Comment 12 oliver.albl 2018-06-03 13:27:40 UTC
We are currently using vdsm-4.20.27.1-1.el7.centos.x86_64.

We did not change "zero_method" so I guess we use blk_discard.

We run our storage domains with "discard after delete" enabled and "wipe after delete" disabled.

Thanks, 
Oliver

Comment 13 Idan Shaby 2018-06-04 08:07:04 UTC
(In reply to oliver.albl from comment #12)
> We are currently using vdsm-4.20.27.1-1.el7.centos.x86_64.
Which contains the patch that changes the default to blkdiscard.

> 
> We did not change "zero_method" so I guess we use blk_discard.
Indeed

> 
> We run our storage domains with "discard after delete" enabled and "wipe
> after delete" disabled.
The fact that you use Discard After Delete (DAD) means that before every call to lvremove on an about to be removed disk, the SPM calls blkdiscard on it.
However, discarding an LV is supposed to be a very fast operation. It depends on the LV size, but seconds, generally. Can you say what size of disks you usually use?
The easiest way to check whether DAD is the blame for this issue is to disable it for all of your storage domains and see if you still get these issues. But that will cause your removed disks' space to not be reclaimed, so we prefer that you will not try it unless you don't have a choice.
I searched for the info logs that come before and after the SPM calls blkdiscard, but I couldn't find it in your vdsm logs. Which of the logs was taken from the SPM? Plus, it seems that your vdsm logs and engine log are not synchronized. Can you please attach new logs from the same time?
When we have the SPM log, we can see how much time it took it to discard your LVs.
Also, if you don't use Wipe After Delete (and that can also be seen in the logs), you don't even use the new feature of "blkdiscard -z". so I am not concerned about it.

> 
> Thanks, 
> Oliver

Comment 14 oliver.albl 2018-06-04 08:51:31 UTC
Created attachment 1447363 [details]
Logfiles from SPM and Engine

Comment 15 oliver.albl 2018-06-04 08:52:29 UTC
I uploaded /var/log/messages and vdsm.log (from SPM) and engine.log. Last occurrence was today 09:53am.

Thanks,
Oliver

Comment 16 oliver.albl 2018-06-04 09:06:56 UTC
Just to be precise: Last occurrence was today 09:53am CEST.

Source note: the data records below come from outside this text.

(* Assume Assumptions 1, 2 and 3 hold and that the propensity score models $e_X(X;\alpha)$ and $e_W(X,W;\alpha,\gamma)$ are correctly specified. Then $$\Sigma^{\mathrm{eps}}_W(\delta^{\mathrm{eps}})\le\Sigma^{\mathrm{eps}}_X(\beta^{\mathrm{eps}})\le\Sigma^{\mathrm{fps}}_X(\beta^{\mathrm{fps}}),\qquad \Sigma^{\mathrm{eps}}_W(\delta^{\mathrm{eps}})\le\Sigma^{\mathrm{fps}}_W(\delta^{\mathrm{fps}})\le\Sigma^{\mathrm{fps}}_X(\beta^{\mathrm{fps}}).$$
   Context: Data: i.i.d. copies of $(Y,Z,X,W)$, binary $Z$, $Y=ZY_1+(1-Z)Y_0$, $\tau=E(Y_1-Y_0)$. Assumption 1: $Z\perp(Y_0,Y_1)\mid X$, $0<\Pr(Z=1\mid X)<1$. Assumption 2: $Z\perp(W,Y_0,Y_1)\mid X$. $e_0(X)=\Pr(Z=1\mid X)$. Propensity models $e_X(X;\alpha)$ and $e_W(X,W;\alpha,\gamma)$ with $e_W(X,W;\alpha,0)=e_X(X;\alpha)$; correct specification means $e_X(X;\alpha_0)=e_0(X)$, and then $e_W(X,W;\alpha_0,\gamma_0)=e_0(X)$ with $\gamma_0=0$. Scores: $S_\alpha(X,Z;\alpha)$ is the $\alpha$-score of $Z\log e_X+(1-Z)\log(1-e_X)$; $S_\alpha(X,W,Z;\alpha,\gamma)$, $S_\gamma(X,W,Z;\alpha,\gamma)$ are the $\alpha$- and $\gamma$-scores of $Z\log e_W+(1-Z)\log(1-e_W)$. Outcome working models $Q_X(X,z;\beta)$ and $Q_W(X,W,z;\delta)$. Assumption 3: either (i) for each $\beta$, $\delta=(\beta^T,0^T)^T$ satisfies $Q_W(X,W,z;\delta)=Q_X(X,z;\beta)$; or (ii) $Q_W(X,W,z;\delta_0)=E(Y\mid X,W,Z=z)$ for some $\delta_0$. Define $\varphi_X(Y,X,Z;\alpha,\beta)=\frac{ZY}{e_X}-\frac{(1-Z)Y}{1-e_X}-\frac{Z-e_X}{e_X}Q_X(X,1;\beta)+\frac{e_X-Z}{1-e_X}Q_X(X,0;\beta)-\tau$ with $e_X=e_X(X;\alpha)$, and $\varphi_W(Y,X,W,Z;\alpha,\gamma,\delta)$ likewise with $e_W(X,W;\alpha,\gamma)$ and $Q_W(X,W,z;\delta)$. Let $\mathcal H_{\alpha\alpha,0}=E(S_\alpha S_\alpha^T)$ at $\alpha_0$, $\mathcal D_X(\beta)=-E\{\partial\varphi_X(\cdot;\alpha_0,\beta)/\partial\alpha^T\}$; $\mathcal H_{W,0}=E\{(S_\alpha^T,S_\gamma^T)^T(S_\alpha^T,S_\gamma^T)\}$ at $(\alpha_0,\gamma_0)$, $\mathcal D_W(\delta)=-E\{\partial\varphi_W(\cdot;\alpha_0,\gamma_0,\delta)/\partial(\alpha^T,\gamma^T)\}$. Asymptotic variances: $\Sigma^{\mathrm{fps}}_X(\beta)=\mathrm{var}\{\varphi_X(\cdot;\alpha_0,\beta)\}$, $\Sigma^{\mathrm{eps}}_X(\beta)=\mathrm{var}\{\varphi_X(\cdot;\alpha_0,\beta)-\mathcal D_X(\beta)\mathcal H_{\alpha\alpha,0}^{-1}S_\alpha(X,Z;\alpha_0)\}$, $\Sigma^{\mathrm{fps}}_W(\delta)=\mathrm{var}\{\varphi_W(\cdot;\alpha_0,\gamma_0,\delta)\}$, $\Sigma^{\mathrm{eps}}_W(\delta)=\mathrm{var}\{\varphi_W(\cdot;\alpha_0,\gamma_0,\delta)-\mathcal D_W(\delta)\mathcal H_{W,0}^{-1}(S_\alpha^T,S_\gamma^T)^T\}$ (doubly robust estimators with known, resp. maximum-likelihood-estimated, propensity scores). $\beta^{\mathrm{fps}},\beta^{\mathrm{eps}},\delta^{\mathrm{fps}},\delta^{\mathrm{eps}}$ denote the minimizers of $\Sigma^{\mathrm{fps}}_X,\Sigma^{\mathrm{eps}}_X,\Sigma^{\mathrm{fps}}_W,\Sigma^{\mathrm{eps}}_W$, respectively. *)

theory Defs
  imports "HOL-Probability.Probability"
begin

(* Gradient of a real-valued function on a Euclidean parameter space:
   the vector g with  f'(x) h = g \<bullet> h  (meaningful where f is differentiable). *)
definition gradient :: "('p::euclidean_space \<Rightarrow> real) \<Rightarrow> 'p \<Rightarrow> 'p" where
  "gradient f x = (SOME g. (f has_derivative (\<lambda>h. g \<bullet> h)) (at x))"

Comment 17 Idan Shaby 2018-06-04 09:58:17 UTC
Thanks, Oliver.
From looking at the SPM "blkdiscard" calls:
- You had 173 calls to "blkdiscard".
- ~ 75% of them took less than a second.
- ~ 24% took less than 10 seconds.
- 3 calls took more than 10 seconds:
2018-06-04 09:48:01,264+0200 INFO  (tmap/2) [storage.blockdev] Discarded device /dev/5673ab6d-6315-4503-ae6d-098f95aff44b/f197c900-d22c-4784-aa3b-dc638fb0ea66: 10.31 seconds (utils:452)
2018-06-04 09:49:22,028+0200 INFO  (tmap/0) [storage.blockdev] Discarded device /dev/a356e8d6-0901-47fc-921b-12714f2c47e7/9aac238f-6adb-4842-8b13-5dbfa6062209: 15.63 seconds (utils:452)
2018-06-04 09:54:02,930+0200 INFO  (tmap/0) [storage.blockdev] Discarded device /dev/a356e8d6-0901-47fc-921b-12714f2c47e7/c04b490e-ca29-4bf7-9cb9-0a203d0054a4: 27.62 seconds (utils:452)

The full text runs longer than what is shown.